Published by Australian Financial Review, Wednesday 15 June
Of all the tired metaphors being volleyed back and forth during this election campaign, the “budget black hole” is my least favourite.
States and medical interest groups accuse the Liberal government of creating a hospital-funding black hole by reneging on the core funding commitments made in a 2011 agreement. The Liberals have accused Labor of creating a black hole for the budget by sticking to the (then bipartisan) 2011 agreement, in which the commonwealth and states would equally finance the growth in hospital costs.
Now both parties have backed away from the 2011 agreement, albeit to different extents, with neither proposing any plan for funding hospital cost growth beyond 2020. The budget black hole is now a bi-partisan one.

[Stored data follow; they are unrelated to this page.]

lemma simple_graph_edge:
  assumes "simple_graph V E" "e \<in> E"
  shows "e \<subseteq> V" "card e = 2"
  using assms unfolding simple_graph_def by auto

lemma simple_graphs_edges_disjoint:
  assumes "simple_graph V1 E1" "simple_graph V2 E2" "card (V1 \<inter> V2) \<le> 1"
  shows "E1 \<inter> E2 = {}"
proof (rule ccontr)
  assume "E1 \<inter> E2 \<noteq> {}"
  then obtain e where "e \<in> E1" "e \<in> E2"
    by blast
  then have "e \<subseteq> V1 \<inter> V2" "card e = 2"
    using simple_graph_edge assms(1,2) by blast+
  moreover have "finite (V1 \<inter> V2)"
    using assms(1) unfolding simple_graph_def by blast
  ultimately have "2 \<le> card (V1 \<inter> V2)"
    by (metis card_mono)
  with assms(3) show False
    by simp
qed

lemma eulerian_Un_one_common_vertex:
  assumes "eulerian V1 E1" "eulerian V2 E2" "card (V1 \<inter> V2) = 1"
  shows "eulerian (V1 \<union> V2) (E1 \<union> E2)" "card (E1 \<union> E2) = card E1 + card E2"
proof -
  have "simple_graph V1 E1" "simple_graph V2 E2"
    using assms(1,2) unfolding eulerian_def by blast+
  then have "E1 \<inter> E2 = {}" "finite E1" "finite E2"
    using assms(3) by (simp_all add: simple_graphs_edges_disjoint finite_edges_simple_graph)
  moreover have "V1 \<inter> V2 \<noteq> {}"
    using assms(3) by force
  ultimately show "eulerian (V1 \<union> V2) (E1 \<union> E2)" "card (E1 \<union> E2) = card E1 + card E2"
    using assms(1,2) eulerian_Un card_Un_disjoint by blast+
qed

lemma highly_graceful_eulerian_subgraph:
  assumes "highly_graceful V E" "subgraph V' E' V E" "eulerian V' E'"
  shows "card E' mod 4 = 0 \<or> card E' mod 4 = 3"
proof -
  have "graceful V' E'"
    using assms unfolding highly_graceful_def eulerian_def by blast
  with assms(3) show ?thesis
    by (rule eulerian_graceful_card_mod_4)
qed

lemma sum_lessThan_mod_shift:
  fixes f :: "nat \<Rightarrow> 'b::comm_monoid_add"
  shows "(\<Sum>i<n. f ((i + 1) mod n)) = (\<Sum>i<n. f i)"
proof (cases n)
  case (Suc m)
  have "(\<Sum>i<Suc m. f ((i + 1) mod Suc m)) = (\<Sum>i<m. f (Suc i)) + f 0"
    by (simp add: sum.lessThan_Suc)
  also have "\<dots> = (\<Sum>i<Suc m. f i)"
    unfolding sum.lessThan_Suc_shift by (simp add: add.commute)
  finally show ?thesis
    using Suc by simp
qed simp

definition cycle_edges :: "'a list \<Rightarrow> 'a set set" where
  "cycle_edges xs = (\<lambda>i. {xs ! i, xs ! ((i + 1) mod length xs)}) ` {..<length xs}"

lemma cycle_edge_neq:
  assumes "distinct xs" "2 \<le> length xs" "i < length xs"
  shows "xs ! i \<noteq> xs ! ((i + 1) mod length xs)"
proof -
  have "(i + 1) mod length xs \<noteq> i" "(i + 1) mod length xs < length xs"
    using assms(2,3) by (auto simp: mod_Suc)
  then show ?thesis
    using assms(1,3) by (simp add: nth_eq_iff_index_eq)
qed

lemma inj_on_cycle_edge:
  assumes "distinct xs" "3 \<le> length xs"
  shows "inj_on (\<lambda>i. {xs ! i, xs ! ((i + 1) mod length xs)}) {..<length xs}"
proof (rule inj_onI)
  let ?n = "length xs"
  fix i j
  assume "i \<in> {..<?n}" "j \<in> {..<?n}"
    and same: "{xs ! i, xs ! ((i + 1) mod ?n)} = {xs ! j, xs ! ((j + 1) mod ?n)}"
  then have "i < ?n" "j < ?n" "(i + 1) mod ?n < ?n" "(j + 1) mod ?n < ?n"
    using assms(2) by (auto intro: mod_less_divisor)
  with assms(1) same have "i = j \<or> (i = (j + 1) mod ?n \<and> j = (i + 1) mod ?n)"
    by (auto simp: doubleton_eq_iff nth_eq_iff_index_eq)
  then show "i = j"
    using \<open>i < ?n\<close> \<open>j < ?n\<close> assms(2) by (auto simp: mod_Suc split: if_splits)
qed

lemma card_cycle_edges:
  assumes "distinct xs" "3 \<le> length xs"
  shows "card (cycle_edges xs) = length xs"
  unfolding cycle_edges_def using card_image[OF inj_on_cycle_edge[OF assms]] by simp

lemma even_sum_cycle_edges:
  fixes \<phi> :: "'a \<Rightarrow> nat"
  assumes "distinct xs" "3 \<le> length xs"
  shows "even (\<Sum>e\<in>cycle_edges xs. sum \<phi> e)"
proof -
  let ?n = "length xs"
  have "(\<Sum>e\<in>cycle_edges xs. sum \<phi> e) = (\<Sum>i<?n. sum \<phi> {xs ! i, xs ! ((i + 1) mod ?n)})"
    unfolding cycle_edges_def using sum.reindex[OF inj_on_cycle_edge[OF assms], of "sum \<phi>"]
    by (simp add: comp_def)
  also have "\<dots> = (\<Sum>i<?n. \<phi> (xs ! i)) + (\<Sum>i<?n. \<phi> (xs ! ((i + 1) mod ?n)))"
    using cycle_edge_neq[OF assms(1)] assms(2) by (simp add: sum.distrib)
  also have "\<dots> = 2 * (\<Sum>i<?n. \<phi> (xs ! i))"
    using sum_lessThan_mod_shift[of "\<lambda>i. \<phi> (xs ! i)" ?n] by simp
  finally show ?thesis
    by simp
qed

lemma simple_graph_cycle_edges:
  assumes "distinct xs" "2 \<le> length xs"
  shows "simple_graph (set xs) (cycle_edges xs)"
  unfolding simple_graph_def cycle_edges_def
proof (intro conjI ballI)
  fix e assume "e \<in> (\<lambda>i. {xs ! i, xs ! ((i + 1) mod length xs)}) ` {..<length xs}"
  then obtain i where "i < length xs" "e = {xs ! i, xs ! ((i + 1) mod length xs)}"
    by blast
  moreover have "(i + 1) mod length xs < length xs"
    using assms(2) by (intro mod_less_divisor) linarith
  ultimately show "\<exists>u v. e = {u, v} \<and> u \<noteq> v \<and> u \<in> set xs \<and> v \<in> set xs"
    using cycle_edge_neq[OF assms] nth_mem by blast
qed simp

lemma connected_graph_cycle_edges:
  assumes "xs \<noteq> []"
  shows "connected_graph (set xs) (cycle_edges xs)"
proof -
  let ?R = "{(x, y). {x, y} \<in> cycle_edges xs}"
  have "sym (?R\<^sup>*)"
    by (intro sym_rtrancl) (auto simp: sym_def insert_commute)
  have reach: "(xs ! 0, xs ! i) \<in> ?R\<^sup>*" if "i < length xs" for i
    using that
  proof (induction i)
    case (Suc i)
    then have "(xs ! i, xs ! Suc i) \<in> ?R"
      unfolding cycle_edges_def by force
    moreover have "(xs ! 0, xs ! i) \<in> ?R\<^sup>*"
      using Suc by simp
    ultimately show ?case
      by (simp add: rtrancl_into_rtrancl)
  qed simp
  show ?thesis
    unfolding connected_graph_def
  proof (intro conjI ballI)
    fix u v assume "u \<in> set xs" "v \<in> set xs"
    then obtain i j where "i < length xs" "u = xs ! i" "j < length xs" "v = xs ! j"
      by (auto simp: in_set_conv_nth)
    then have "(u, xs ! 0) \<in> ?R\<^sup>*" "(xs ! 0, v) \<in> ?R\<^sup>*"
      using reach \<open>sym (?R\<^sup>*)\<close> by (auto dest: symD)
    then show "(u, v) \<in> ?R\<^sup>*"
      by (rule rtrancl_trans)
  qed (use assms in simp)
qed
lemma reciprocity_defect_0_no_jump:
  assumes "odd a" "odd c" "coprime a c" "W + 2 \<le> a + c"
  shows "reciprocity_defect a c z 0 (real W + 1) = reciprocity_defect a c z 0 (real W)"
proof -
  have a: "0 < a" and c: "0 < c"
    using assms(1,2) by (auto elim: oddE)
  obtain \<mu>0 where \<mu>0: "\<mu>0 < c" "\<And>\<mu>. \<mu> < c \<Longrightarrow> c dvd a * \<mu> + Suc W \<longleftrightarrow> \<mu> = \<mu>0"
    using unique_root_mod[OF c assms(3)] by blast
  obtain \<nu>0 where \<nu>0: "\<nu>0 < a" "\<And>\<nu>. \<nu> < a \<Longrightarrow> a dvd c * \<nu> + Suc W \<longleftrightarrow> \<nu> = \<nu>0"
    using unique_root_mod[OF a, of c] assms(3) by (metis coprime_commute)
  have S: "a * \<mu>0 + c * \<nu>0 + Suc W = a * c"
    using assms(3,4) \<mu>0 \<nu>0 by (intro complementary_roots) auto
  then have "a * \<mu>0 + Suc W = c * (a - \<nu>0)" "c * \<nu>0 + Suc W = a * (c - \<mu>0)"
    by (simp_all add: diff_mult_distrib2 algebra_simps)
  then have div: "(a * \<mu>0 + Suc W) div c = a - \<nu>0" "(c * \<nu>0 + Suc W) div a = c - \<mu>0"
    using a c by simp_all
  have "odd (a * \<mu>0 + c * \<nu>0 + Suc W)"
    using S assms(1,2) by simp
  then have "even (\<mu>0 + \<nu>0 + W)"
    using assms(1,2) by simp
  then have sign: "(-1::real) ^ (\<mu>0 + (a - \<nu>0)) = - ((-1) ^ W)" "(-1::real) ^ (\<nu>0 + (c - \<mu>0)) = - ((-1) ^ W)"
    using assms(1,2) \<mu>0(1) \<nu>0(1) by (intro minus_one_power_odd_add, presburger)+
  have Sr: "real a * real \<mu>0 + real c * real \<nu>0 = real a * real c - real W - 1"
    using arg_cong[OF S, of real] by simp
  have conv: "euler_convolution a c z 0 x = real a * real c" for x
    by (simp add: euler_convolution_def)
  have J1: "dedekind_euler_sum a c 0 (real W + 1) - dedekind_euler_sum a c 0 (real W) =
      - 2 * real a * (-1) ^ W * (real \<mu>0 - real c / 2)"
    using dedekind_euler_sum_0_jump[OF \<mu>0] unfolding div sign by simp
  have J2: "dedekind_euler_sum c a 0 (real W + 1) - dedekind_euler_sum c a 0 (real W) =
      - 2 * real c * (-1) ^ W * (real \<nu>0 - real a / 2)"
    using dedekind_euler_sum_0_jump[OF \<nu>0] unfolding div sign by simp
  have E: "euler_fun 0 (real W + 1) = - ((-1) ^ W)" "euler_fun 0 (real W) = (-1) ^ W"
    "euler_fun 1 (real W + 1) = (-1) ^ W / 2" "euler_fun 1 (real W) = - ((-1) ^ W) / 2"
    unfolding euler_fun_add_1 euler_fun_of_nat euler_poly_1_0 by simp_all
  have "reciprocity_defect a c z 0 (real W + 1) - reciprocity_defect a c z 0 (real W) =
      (dedekind_euler_sum a c 0 (real W + 1) - dedekind_euler_sum a c 0 (real W)) +
      (dedekind_euler_sum c a 0 (real W + 1) - dedekind_euler_sum c a 0 (real W)) +
      ((real W + 1) * euler_fun 0 (real W + 1) - real W * euler_fun 0 (real W)) -
      (euler_fun 1 (real W + 1) - euler_fun 1 (real W))"
    unfolding reciprocity_defect_def conv by (simp add: algebra_simps)
  also have "\<dots> = - 2 * (-1) ^ W * (real a * real \<mu>0 + real c * real \<nu>0 - real a * real c + real W + 1)"
    unfolding J1 J2 E by (simp add: algebra_simps)
  also have "\<dots> = 0"
    unfolding Sr by simp
  finally show ?thesis
    by simp
qed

In astronomy, black holes are known for invisibly vacuuming up light. In Australia, they are becoming notorious for obliterating policy substance.
Refusal to fund hospital cost growth does not make either party fiscally responsible. There will be no savings from tearing up the 2011 commitments. Demand for hospital services will continue to grow as new medical treatments are developed and the population grows. The costs will continue to fall on taxpayers – the only question is whether it is the state or commonwealth that bears them.
It is unfortunate that this campaign is focussed on rehashing policy squabbles thought to be resolved five years ago. Political parties are serving us poorly if policy debate is to re-open and close the same can of worms.
The more mature policy discussion we deserve would focus on how we want to constrain growth in hospital costs – whether by improving prevention, reducing less effective services, substituting more-expensive health workers with less-expensive ones, or trying to increase incentives for cost-control within hospitals.
The 2011 National Health Reform Agreement pursued this exact focus: developing substantive, evidence-based measures to achieve long-term cost control. It did this by establishing a bipartisan agreement for constraining growth in hospital costs through the introduction of Activity-Based Funding (ABF). As its name suggests, ABF ensures that hospitals get paid for what they do – their activity. Importantly, it introduces powerful incentives for efficiency by paying hospitals at a National Efficient Price for each treatment – not according to how much money the hospital did or didn’t squander during a treatment.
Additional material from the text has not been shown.